By the end of this lab, you will be able to:
- Understand when and why to create custom Dataset classes
- Implement the three essential methods: `__init__`, `__len__`, `__getitem__`
- Build a dataset that replicates `ImageFolder` functionality
- Compare custom datasets with built-in alternatives

## 0. Setup

In [2]:
import torch
import os
import pathlib
from PIL import Image
from torch.utils.data import Dataset, DataLoader
from torchvision import transforms, datasets
import matplotlib.pyplot as plt
import random
from typing import Tuple, Dict, List

device = 'cuda' if torch.cuda.is_available() else 'cpu'
print(f'Using device: {device}')

In [3]:
import requests
import zipfile
from pathlib import Path

data_path = Path('data/')
image_path = data_path / 'pizza_steak_sushi'

if image_path.is_dir():
    print(f'{image_path} directory exists.')
else:
    print(f'Creating {image_path} directory...')
    image_path.mkdir(parents=True, exist_ok=True)
    with open(data_path / 'pizza_steak_sushi.zip', 'wb') as f:
        request = requests.get('https://github.com/mrdbourke/pytorch-deep-learning/raw/main/data/pizza_steak_sushi.zip')
        print('Downloading data...')
        f.write(request.content)
    with zipfile.ZipFile(data_path / 'pizza_steak_sushi.zip', 'r') as zip_ref:
        print('Unzipping data...')
        zip_ref.extractall(image_path)
    print('Done!')

train_dir = image_path / 'train'
test_dir = image_path / 'test'

print(f'Train dir: {train_dir}')
print(f'Test dir: {test_dir}')

## 1. Helper Function: Find Classes

Before building our custom dataset, we need a helper function to discover classes from the directory structure.
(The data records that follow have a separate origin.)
lemma pos_def_on_union_iff_schur:
  assumes fin: "finite A" "finite T" and dis: "A \<inter> T = {}" and sym: "sym_on (A \<union> T) M"
    and pd: "pos_def_on A M"
  shows "pos_def_on (A \<union> T) M \<longleftrightarrow> pos_def_on T (schur_on A M)"
proof -
  define w where "w x = mat_vec_on A (mat_inv_on A M) (mat_vec_on T M x)" for x
  have split: "quad_form_on (A \<union> T) M x = quad_form_on A M (\<lambda>i. x i + w x i) + quad_form_on T (schur_on A M) x"
    for x unfolding w_def by (rule quad_form_on_union_schur[OF fin dis sym pd])
  have symS: "sym_on T (schur_on A M)" by (rule schur_on_sym[OF fin(1) sym pd])
  show ?thesis
  proof
    assume L: "pos_def_on (A \<union> T) M"
    have "quad_form_on T (schur_on A M) y > 0" if y: "\<exists>i\<in>T. y i \<noteq> 0" for y
    proof -
      \<comment> \<open>Extend y to A so that the square on A vanishes.\<close>
      define x where "x i = (if i \<in> T then y i else - w y i)" for i
      have "w x = w y" unfolding w_def mat_vec_on_def x_def by (intro ext sum.cong) auto
      then have "quad_form_on A M (\<lambda>i. x i + w x i) = 0"
        using dis by (intro quad_form_on_zero) (auto simp: x_def)
      moreover have "quad_form_on T (schur_on A M) x = quad_form_on T (schur_on A M) y"
        by (rule quad_form_on_cong) (auto simp: x_def)
      moreover have "\<exists>i\<in>A \<union> T. x i \<noteq> 0" using y by (auto simp: x_def)
      then have "quad_form_on (A \<union> T) M x > 0" using L unfolding pos_def_on_iff by blast
      ultimately show ?thesis using split[of x] by simp
    qed
    with symS show "pos_def_on T (schur_on A M)" unfolding pos_def_on_iff by blast
  next
    assume R: "pos_def_on T (schur_on A M)"
    have "quad_form_on (A \<union> T) M x > 0" if x: "\<exists>i\<in>A \<union> T. x i \<noteq> 0" for x
    proof (cases "\<exists>i\<in>T. x i \<noteq> 0")
      case True
      then have "quad_form_on T (schur_on A M) x > 0" using R unfolding pos_def_on_iff by blast
      then show ?thesis using split[of x] quad_form_on_nonneg[OF pd, of "\<lambda>i. x i + w x i"] by linarith
    next
      case False
      then have "w x = (\<lambda>i. 0)" unfolding w_def mat_vec_on_def by simp
      then have "quad_form_on A M (\<lambda>i. x i + w x i) > 0" using pd x False unfolding pos_def_on_iff by auto
      moreover have "quad_form_on T (schur_on A M) x = 0" using False by (intro quad_form_on_zero) auto
      ultimately show ?thesis using split[of x] by simp
    qed
    with sym show "pos_def_on (A \<union> T) M" unfolding pos_def_on_iff by blast
  qed
qed

lemma schur_on_eq_if_uncoupled:
  assumes "\<And>a b. a \<in> A \<Longrightarrow> b \<in> B \<Longrightarrow> M a b = 0 \<and> M b a = 0" and "i \<in> B \<or> j \<in> B"
  shows "schur_on A M i j = M i j"
proof -
  have "mat_mul_on A (mat_mul_on A M (mat_inv_on A M)) M i j = 0"
    using assms(2)
  proof
    assume "i \<in> B"
    then have "mat_mul_on A M (mat_inv_on A M) i k = 0" for k
      unfolding mat_mul_on_def using assms(1) by simp
    then show ?thesis unfolding mat_mul_on_def[of A _ M] by simp
  next
    assume "j \<in> B"
    then show ?thesis unfolding mat_mul_on_def[of A _ M] using assms(1) by simp
  qed
  then show ?thesis unfolding schur_on_def by simp
qed

lemma schur_on_cong_rows_cols:
  assumes "\<And>i j. i \<in> B \<or> j \<in> B \<Longrightarrow> M' i j = M i j"
  shows "schur_on B M' i j = M' i j + schur_on B M i j - M i j"
proof -
  have "mat_inv_on B M' = mat_inv_on B M" by (rule mat_inv_on_cong) (simp add: assms)
  then have "mat_mul_on B (mat_mul_on B M' (mat_inv_on B M')) M' i j
      = mat_mul_on B (mat_mul_on B M (mat_inv_on B M)) M i j"
    unfolding mat_mul_on_def using assms by (intro sum.cong refl arg_cong2[where f = "(*)"]) auto
  then show ?thesis unfolding schur_on_def by simp
qed

text \<open>Two successive Schur complements, first of A = H - S and then of B = C - S, where
  no entry of M couples A with B.\<close>
lemma pos_def_on_union_uncoupled:
  assumes fin: "finite H" "finite C" and sym: "sym_on (H \<union> C) M" and pdC: "pos_def_on C M"
    and uncoupled: "\<And>a b. a \<in> H - C \<Longrightarrow> b \<in> C - H \<Longrightarrow> M a b = 0 \<and> M b a = 0"
  shows "pos_def_on (H \<union> C) M \<longleftrightarrow> pos_def_on H M \<and>
    pos_def_on (C \<inter> H) (\<lambda>i j. schur_on (H - C \<inter> H) M i j + schur_on (C - C \<inter> H) M i j - M i j)"
proof -
  define S where "S = C \<inter> H"
  define A where "A = H - S"
  define B where "B = C - S"
  have finite: "finite A" "finite B" "finite S" using fin by (auto simp: A_def B_def S_def)
  have HC: "H \<union> C = A \<union> (S \<union> B)" and H: "H = A \<union> S" and C: "B \<subseteq> C"
    and disj: "A \<inter> (S \<union> B) = {}" "B \<inter> S = {}"
    by (auto simp: A_def B_def S_def)
  have AB: "M a b = 0 \<and> M b a = 0" if "a \<in> A" "b \<in> B" for a b
    using uncoupled that by (auto simp: A_def B_def S_def)
  have schur_A_B: "schur_on A M i j = M i j" if "i \<in> B \<or> j \<in> B" for i j
    using schur_on_eq_if_uncoupled[OF AB that] .
  have pd_B: "pos_def_on B (schur_on A M)"
    using pos_def_on_subset[OF pdC C fin(2)] by (subst pos_def_on_cong) (simp_all add: schur_A_B)
  have "pos_def_on (H \<union> C) M \<longleftrightarrow>
      pos_def_on S (\<lambda>i j. schur_on A M i j + schur_on B M i j - M i j)"
    if pd_A: "pos_def_on A M"
  proof -
    have sym_A: "sym_on (A \<union> (S \<union> B)) M" using sym HC by simp
    have sym_BS: "sym_on (B \<union> S) (schur_on A M)"
      using schur_on_sym[OF finite(1) sym_A pd_A] by (simp add: Un_commute)
    have "pos_def_on (H \<union> C) M \<longleftrightarrow> pos_def_on (B \<union> S) (schur_on A M)"
      using pos_def_on_union_iff_schur[OF finite(1) _ disj(1) sym_A pd_A] finite HC
      by (simp add: Un_commute)
    also have "\<dots> \<longleftrightarrow> pos_def_on S (schur_on B (schur_on A M))"
      by (rule pos_def_on_union_iff_schur[OF finite(2,3) disj(2) sym_BS pd_B])
    also have "\<dots> \<longleftrightarrow> pos_def_on S (\<lambda>i j. schur_on A M i j + schur_on B M i j - M i j)"
      using schur_on_cong_rows_cols[of B "schur_on A M" M, OF schur_A_B] by (intro pos_def_on_cong) blast
    finally show ?thesis .
  qed
  moreover have "pos_def_on A M" if "pos_def_on H M"
    using pos_def_on_subset[OF that _ fin(1)] H by blast
  moreover have "pos_def_on H M" if "pos_def_on (H \<union> C) M"
    using pos_def_on_subset[OF that _ finite_UnI[OF fin]] by blast
  ultimately have "pos_def_on (H \<union> C) M \<longleftrightarrow> pos_def_on H M \<and>
      pos_def_on S (\<lambda>i j. schur_on A M i j + schur_on B M i j - M i j)"
    by blast
  then show ?thesis by (simp only: S_def A_def B_def)
qed

lemma running_intersection_separates:
  assumes rip: "\<And>r. 1 \<le> r \<Longrightarrow> r < length Cs \<Longrightarrow> \<exists>p<r. Cs ! r \<inter> \<Union> (set (take r Cs)) \<subseteq> Cs ! p"
    and a: "a \<in> \<Union> (set (take q Cs)) - Cs ! q" and b: "b \<in> Cs ! q - \<Union> (set (take q Cs))"
    and X: "X \<in> set Cs"
  shows "\<not> (a \<in> X \<and> b \<in> X)"
proof -
  have "\<not> (a \<in> Cs ! r \<and> b \<in> Cs ! r)" if "r < length Cs" for r
    using that
  proof (induction r rule: less_induct)
    case (less r)
    consider "r < q" | "r = q" | "q < r" by linarith
    then show ?case
    proof cases
      case 1
      then have "Cs ! r \<in> set (take q Cs)" using less.prems by (auto simp: in_set_conv_nth)
      then show ?thesis using b by blast
    next
      case 2
      then show ?thesis using a by blast
    next
      case 3
      \<comment> \<open>Both a and b lie in the history of r, so the running intersection property moves
        the pair into an earlier set.\<close>
      have "a \<in> \<Union> (set (take r Cs))" using a set_take_subset_set_take[of q r Cs] 3 by auto
      moreover have "Cs ! q \<in> set (take r Cs)" using 3 less.prems by (auto simp: in_set_conv_nth)
      then have "b \<in> \<Union> (set (take r Cs))" using b by blast
      moreover obtain p where "p < r" "Cs ! r \<inter> \<Union> (set (take r Cs)) \<subseteq> Cs ! p"
        using rip[of r] 3 less.prems by auto
      ultimately show ?thesis using less.IH[of p] less.prems by auto
    qed
  qed
  then show ?thesis using X by (auto simp: in_set_conv_nth)
qed

lemma running_intersection_uncoupled:
  assumes rip: "\<And>r. 1 \<le> r \<Longrightarrow> r < length Cs \<Longrightarrow> \<exists>p<r. Cs ! r \<inter> \<Union> (set (take r Cs)) \<subseteq> Cs ! p"
    and support: "\<And>a b. a \<noteq> b \<Longrightarrow> (\<And>C. C \<in> set Cs \<Longrightarrow> \<not> (a \<in> C \<and> b \<in> C)) \<Longrightarrow> M a b = 0"
    and a: "a \<in> \<Union> (set (take q Cs)) - Cs ! q" and b: "b \<in> Cs ! q - \<Union> (set (take q Cs))"
  shows "M a b = 0 \<and> M b a = 0"
proof -
  have sep: "\<not> (a \<in> C \<and> b \<in> C)" if "C \<in> set Cs" for C
    using running_intersection_separates[OF rip a b that] .
  have "a \<noteq> b" using a b by blast
  then show ?thesis using support[of a b] support[of b a] sep by blast
qed

lemma pos_def_on_Union_running_intersection:
  assumes fin: "finite (\<Union> (set Cs))"
    and rip: "\<And>r. 1 \<le> r \<Longrightarrow> r < length Cs \<Longrightarrow> \<exists>p<r. Cs ! r \<inter> \<Union> (set (take r Cs)) \<subseteq> Cs ! p"
    and sym: "sym_on (\<Union> (set Cs)) M"
    and pd: "\<And>C. C \<in> set Cs \<Longrightarrow> pos_def_on C M"
    and support: "\<And>a b. a \<noteq> b \<Longrightarrow> (\<And>C. C \<in> set Cs \<Longrightarrow> \<not> (a \<in> C \<and> b \<in> C)) \<Longrightarrow> M a b = 0"
  shows "pos_def_on (\<Union> (set Cs)) M \<longleftrightarrow>
    (\<forall>q. 1 \<le> q \<and> q < length Cs \<longrightarrow>
       (let H = \<Union> (set (take q Cs)); S = Cs ! q \<inter> H; A = H - S; B = Cs ! q - S
        in pos_def_on S (\<lambda>i j. schur_on A M i j + schur_on B M i j - M i j)))"
proof -
  define H where "H k = \<Union> (set (take k Cs))" for k
  define cond where "cond q = pos_def_on (Cs ! q \<inter> H q)
    (\<lambda>i j. schur_on (H q - Cs ! q \<inter> H q) M i j + schur_on (Cs ! q - Cs ! q \<inter> H q) M i j - M i j)" for q
  have "pos_def_on (H k) M \<longleftrightarrow> (\<forall>q<k. cond q)" if "k \<le> length Cs" for k
    using that
  proof (induction k)
    case 0
    show ?case by (simp add: H_def pos_def_on_empty)
  next
    case (Suc k)
    then have k: "k < length Cs" "Cs ! k \<in> set Cs" by simp_all
    have H_Suc: "H (Suc k) = H k \<union> Cs ! k"
      using take_Suc_conv_app_nth[OF k(1)] by (simp add: H_def Un_commute)
    have H_sub: "H k \<subseteq> \<Union> (set Cs)" unfolding H_def by (meson Union_mono set_take_subset)
    have "pos_def_on (H k \<union> Cs ! k) M \<longleftrightarrow> pos_def_on (H k) M \<and> cond k"
      unfolding cond_def
    proof (rule pos_def_on_union_uncoupled)
      show "finite (H k)" using fin H_sub by (rule finite_subset[rotated])
      show "finite (Cs ! k)" using fin k(2) by (rule finite_subset[rotated, OF _ Union_upper])
      show "sym_on (H k \<union> Cs ! k) M" using sym H_sub k unfolding sym_on_def by blast
      show "pos_def_on (Cs ! k) M" using pd k by blast
      show "M a b = 0 \<and> M b a = 0" if "a \<in> H k - Cs ! k" "b \<in> Cs ! k - H k" for a b
        using running_intersection_uncoupled[OF rip support that[unfolded H_def]] .
    qed
    then show ?case unfolding H_Suc using Suc.IH k(1) by (auto simp: less_Suc_eq)
  qed
  from this[of "length Cs"] have "pos_def_on (\<Union> (set Cs)) M \<longleftrightarrow> (\<forall>q<length Cs. cond q)"
    by (simp add: H_def)
  moreover have "cond 0" by (simp add: cond_def H_def pos_def_on_empty)
  then have "(\<forall>q<length Cs. cond q) \<longleftrightarrow> (\<forall>q. 1 \<le> q \<and> q < length Cs \<longrightarrow> cond q)"
    by (metis leI less_one)
  ultimately show ?thesis by (simp only: cond_def H_def Let_def)
qed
### What This Function Does:

1. **Scans a directory** for subdirectories (each subdirectory = one class)
2. **Creates a mapping** from class names to integer indices
3. **Returns both** the class list and the mapping dictionary

### Implementation Details:

We'll use `os.scandir()` to traverse the target directory (which should be in standard image classification format):
- Get the class names by finding all subdirectories
- Raise an error if no class folders are found
- Turn the class names into a dictionary of numerical labels

**Important:** This mimics what `ImageFolder` does internally!

In [4]:
def find_classes(directory: str) -> Tuple[List[str], Dict[str, int]]:
    classes = sorted(entry.name for entry in os.scandir(directory) if entry.is_dir())
    
    if not classes:
        raise FileNotFoundError(f'No class folders found in {directory}')
    
    class_to_idx = {cls_name: i for i, cls_name in enumerate(classes)}
    return classes, class_to_idx

In [5]:
# Test the function
classes, class_to_idx = find_classes(train_dir)
print(f'Classes: {classes}')
print(f'Class to idx: {class_to_idx}')

### Function Works Correctly! ‚úÖ

Our `find_classes()` function successfully:
- Found all 3 classes in alphabetical order
- Created the correct index mapping (pizza‚Üí0, steak‚Üí1, sushi‚Üí2)
- Matches the behavior of PyTorch's `ImageFolder`

## 2. Build Custom Dataset Class

Now we're ready to build our own custom Dataset.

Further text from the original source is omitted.